Party-appointed experts occupy a position of growing importance in international arbitration. This is particularly evident in disputes involving a highly technical subject matter. For instance, where contracts deal with complex medical technology and machinery, parties may seek to buttress their respective cases by relying on accomplished, technically adept individuals’ testimony. However, like counsel, these experts may introduce an element of personal or professional conflict that could imperil the integrity of the tribunal. In such a situation, would a tribunal be competent to exclude an expert just as it would counsel?
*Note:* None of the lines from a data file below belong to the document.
section \<open>Reduction to entrywise scalar estimates\<close>

lemma cmod_sylvester_le:
  fixes p q y :: complex and a b c d :: real
  assumes "0 \<le> a" "0 \<le> b" "0 \<le> c" "0 \<le> d"
    and p: "cmod p \<le> (1 + a) / c" and q: "cmod q \<le> (1 + b) / d"
  shows "cmod (p * y + y * q)
           \<le> cmod (1 / of_real c * (y + of_real a * y) + 1 / of_real d * (y + y * of_real b))"
    and "cmod (p * y - y * q)
           \<le> cmod (1 / of_real c * (y + of_real a * y) + 1 / of_real d * (y + y * of_real b))"
    and "cmod (p * y * q + y)
           \<le> cmod (1 / of_real c * (1 + of_real a) * y * (1 / of_real d * (1 + of_real b)) + y)"
    and "cmod (p * y * q - y)
           \<le> cmod (1 / of_real c * (1 + of_real a) * y * (1 / of_real d * (1 + of_real b)) + y)"
proof -
  define P Q where "P = (1 + a) / c" and "Q = (1 + b) / d"
  have PQ: "0 \<le> P" "0 \<le> Q" unfolding P_def Q_def using assms by auto
  then have PQ_nonneg: "0 \<le> P + Q" "0 \<le> P * Q + 1" by auto
  have cmod_scale: "cmod (y * of_real r) = cmod y * r" if "0 \<le> r" for r
    using that by (simp add: norm_mult)
  have py: "cmod (p * y) \<le> cmod y * P"
    using mult_left_mono[OF p[folded P_def] norm_ge_zero[of y]] by (simp add: norm_mult mult.commute)
  have yq: "cmod (y * q) \<le> cmod y * Q"
    using mult_left_mono[OF q[folded Q_def] norm_ge_zero[of y]] by (simp add: norm_mult)
  have "cmod p * cmod q \<le> P * Q"
    using p q PQ unfolding P_def Q_def by (intro mult_mono) auto
  then have "cmod p * cmod q * cmod y \<le> P * Q * cmod y" by (rule mult_right_mono) simp
  then have pyq: "cmod (p * y * q) \<le> cmod y * (P * Q)" by (simp add: norm_mult ac_simps)
  have "1 / of_real c * (y + of_real a * y) + 1 / of_real d * (y + y * of_real b) = y * of_real (P + Q)"
    unfolding P_def Q_def by (simp add: of_real_divide algebra_simps add_divide_distrib)
  then have sum_rhs: "cmod (1 / of_real c * (y + of_real a * y) + 1 / of_real d * (y + y * of_real b))
      = cmod y * (P + Q)"
    by (simp only: cmod_scale PQ_nonneg)
  have "1 / of_real c * (1 + of_real a) * y * (1 / of_real d * (1 + of_real b)) + y
      = y * of_real (P * Q + 1)"
    unfolding P_def Q_def by (simp add: of_real_divide algebra_simps)
  then have prod_rhs: "cmod (1 / of_real c * (1 + of_real a) * y * (1 / of_real d * (1 + of_real b)) + y)
      = cmod y * (P * Q + 1)"
    by (simp only: cmod_scale PQ_nonneg)
  show "cmod (p * y + y * q) \<le> cmod (1 / of_real c * (y + of_real a * y) + 1 / of_real d * (y + y * of_real b))"
    using norm_triangle_ineq[of "p * y" "y * q"] py yq unfolding sum_rhs by (simp add: distrib_left)
  show "cmod (p * y - y * q) \<le> cmod (1 / of_real c * (y + of_real a * y) + 1 / of_real d * (y + y * of_real b))"
    using norm_triangle_ineq4[of "p * y" "y * q"] py yq unfolding sum_rhs by (simp add: distrib_left)
  show "cmod (p * y * q + y)
      \<le> cmod (1 / of_real c * (1 + of_real a) * y * (1 / of_real d * (1 + of_real b)) + y)"
    using norm_triangle_ineq[of "p * y * q" y] pyq unfolding prod_rhs by (simp add: distrib_left)
  show "cmod (p * y * q - y)
      \<le> cmod (1 / of_real c * (1 + of_real a) * y * (1 / of_real d * (1 + of_real b)) + y)"
    using norm_triangle_ineq4[of "p * y * q" y] pyq unfolding prod_rhs by (simp add: distrib_left)
qed

lemma hs_norm_sylvester_diag_le:
  fixes a b :: "nat \<Rightarrow> real" and c d :: real and p q :: "nat \<Rightarrow> complex"
  assumes Y: "Y \<in> carrier_mat n n" and cd: "0 \<le> c" "0 \<le> d"
    and a: "\<And>i. i < n \<Longrightarrow> 0 \<le> a i" and b: "\<And>j. j < n \<Longrightarrow> 0 \<le> b j"
    and p: "\<And>i. i < n \<Longrightarrow> cmod (p i) \<le> (1 + a i) / c"
    and q: "\<And>j. j < n \<Longrightarrow> cmod (q j) \<le> (1 + b j) / d"
  defines "Am \<equiv> mat_diag n (\<lambda>i. complex_of_real (a i))"
    and "Bm \<equiv> mat_diag n (\<lambda>j. complex_of_real (b j))"
  shows "hs_norm (mat_diag n p * Y + Y * mat_diag n q)
           \<le> hs_norm (1 / of_real c \<cdot>\<^sub>m (Y + Am * Y) + 1 / of_real d \<cdot>\<^sub>m (Y + Y * Bm))"
    and "hs_norm (mat_diag n p * Y - Y * mat_diag n q)
           \<le> hs_norm (1 / of_real c \<cdot>\<^sub>m (Y + Am * Y) + 1 / of_real d \<cdot>\<^sub>m (Y + Y * Bm))"
    and "hs_norm (mat_diag n p * Y * mat_diag n q + Y)
           \<le> hs_norm (1 / of_real c \<cdot>\<^sub>m (1\<^sub>m n + Am) * Y * (1 / of_real d \<cdot>\<^sub>m (1\<^sub>m n + Bm)) + Y)"
    and "hs_norm (mat_diag n p * Y * mat_diag n q - Y)
           \<le> hs_norm (1 / of_real c \<cdot>\<^sub>m (1\<^sub>m n + Am) * Y * (1 / of_real d \<cdot>\<^sub>m (1\<^sub>m n + Bm)) + Y)"
proof -
  have left: "1 / of_real c \<cdot>\<^sub>m (1\<^sub>m n + Am) = mat_diag n (\<lambda>i. 1 / of_real c * (1 + of_real (a i)))"
    unfolding Am_def by (rule eq_matI) (auto simp: mat_diag_def)
  have right: "1 / of_real d \<cdot>\<^sub>m (1\<^sub>m n + Bm) = mat_diag n (\<lambda>j. 1 / of_real d * (1 + of_real (b j)))"
    unfolding Bm_def by (rule eq_matI) (auto simp: mat_diag_def)
  note entry = cmod_sylvester_le[OF a b cd p q, of _ _ "Y $$ (_, _)"]
  note diag_mult = mat_diag_mult_left[of _ n n] mat_diag_mult_right[of _ n n]
  show "hs_norm (mat_diag n p * Y + Y * mat_diag n q)
      \<le> hs_norm (1 / of_real c \<cdot>\<^sub>m (Y + Am * Y) + 1 / of_real d \<cdot>\<^sub>m (Y + Y * Bm))"
    by (rule hs_norm_mono[of _ n n]) (use Y entry(1) in \<open>auto simp: Am_def Bm_def diag_mult\<close>)
  show "hs_norm (mat_diag n p * Y - Y * mat_diag n q)
      \<le> hs_norm (1 / of_real c \<cdot>\<^sub>m (Y + Am * Y) + 1 / of_real d \<cdot>\<^sub>m (Y + Y * Bm))"
    by (rule hs_norm_mono[of _ n n]) (use Y entry(2) in \<open>auto simp: Am_def Bm_def diag_mult\<close>)
  show "hs_norm (mat_diag n p * Y * mat_diag n q + Y)
      \<le> hs_norm (1 / of_real c \<cdot>\<^sub>m (1\<^sub>m n + Am) * Y * (1 / of_real d \<cdot>\<^sub>m (1\<^sub>m n + Bm)) + Y)"
    by (rule hs_norm_mono[of _ n n]) (use Y entry(3) in \<open>auto simp: left right diag_mult\<close>)
  show "hs_norm (mat_diag n p * Y * mat_diag n q - Y)
      \<le> hs_norm (1 / of_real c \<cdot>\<^sub>m (1\<^sub>m n + Am) * Y * (1 / of_real d \<cdot>\<^sub>m (1\<^sub>m n + Bm)) + Y)"
    by (rule hs_norm_mono[of _ n n]) (use Y entry(4) in \<open>auto simp: left right diag_mult\<close>)
qed

lemma sandwich_add:
  assumes "V \<in> carrier_mat n n" "W \<in> carrier_mat n n" "P \<in> carrier_mat n n" "Q \<in> carrier_mat n n"
  shows "V * P * cadj W + V * Q * cadj W = V * (P + Q) * cadj W"
  using assms by (simp add: mult_add_distrib_mat[of V n n] add_mult_distrib_mat[of _ n n _ _ n])

lemma sandwich_minus:
  assumes "V \<in> carrier_mat n n" "W \<in> carrier_mat n n" "P \<in> carrier_mat n n" "Q \<in> carrier_mat n n"
  shows "V * P * cadj W - V * Q * cadj W = V * (P - Q) * cadj W"
  using assms by (simp add: mult_minus_distrib_mat[of V n n] minus_mult_distrib_mat[of _ n n _ _ n])

lemma sandwich_smult:
  assumes "V \<in> carrier_mat n n" "W \<in> carrier_mat n n" "P \<in> carrier_mat n n"
  shows "c \<cdot>\<^sub>m (V * P * cadj W) = V * (c \<cdot>\<^sub>m P) * cadj W"
  using assms by (simp add: mult_smult_distrib[of V n n] mult_smult_assoc_mat[of _ n n _ n])

lemma sandwich_mult_sandwich:
  assumes Vu: "unitary_mat n V" and U: "U \<in> carrier_mat n n" and W: "W \<in> carrier_mat n n"
    and P: "P \<in> carrier_mat n n" and Q: "Q \<in> carrier_mat n n"
  shows "(U * P * cadj V) * (V * Q * cadj W) = U * (P * Q) * cadj W"
  using unitary_mat_carrier[OF Vu] assms unitary_mat_simps(3)[OF Vu, of _ n]
  by (simp add: assoc_mult_mat[of _ n n _ n _ n] mult_carrier_mat[of _ n n _ n])

lemma one_mat_unitary_sandwich: "unitary_mat n V \<Longrightarrow> 1\<^sub>m n = V * 1\<^sub>m n * cadj V"
  using unitary_mat_carrier unitary_mat_simps(2) by (metis right_mult_one_mat)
Broadly, three approaches may be taken to answer this question. First, those international tribunals possess an inherent power to exclude party-appointed experts. Second, that a tribunal could exercise its evidentiary powers to order such an exclusion. Finally, whether or not these experts qualify as “legal representatives” would have its own consequences for the purpose of exclusion. This blog will analyse these three propositions with specific regard to the provisions of the London Court of International Arbitration Rules of Arbitration, 2020 [“LCIA Rules”].
1. Do Tribunals Possess an Inherent Power to Exclude Party-Appointed Experts?
International arbitral tribunals possess certain inherent powers by virtue of their existence. In particular, the exercise of this inherent power to protect the integrity of arbitral proceedings is well recognised.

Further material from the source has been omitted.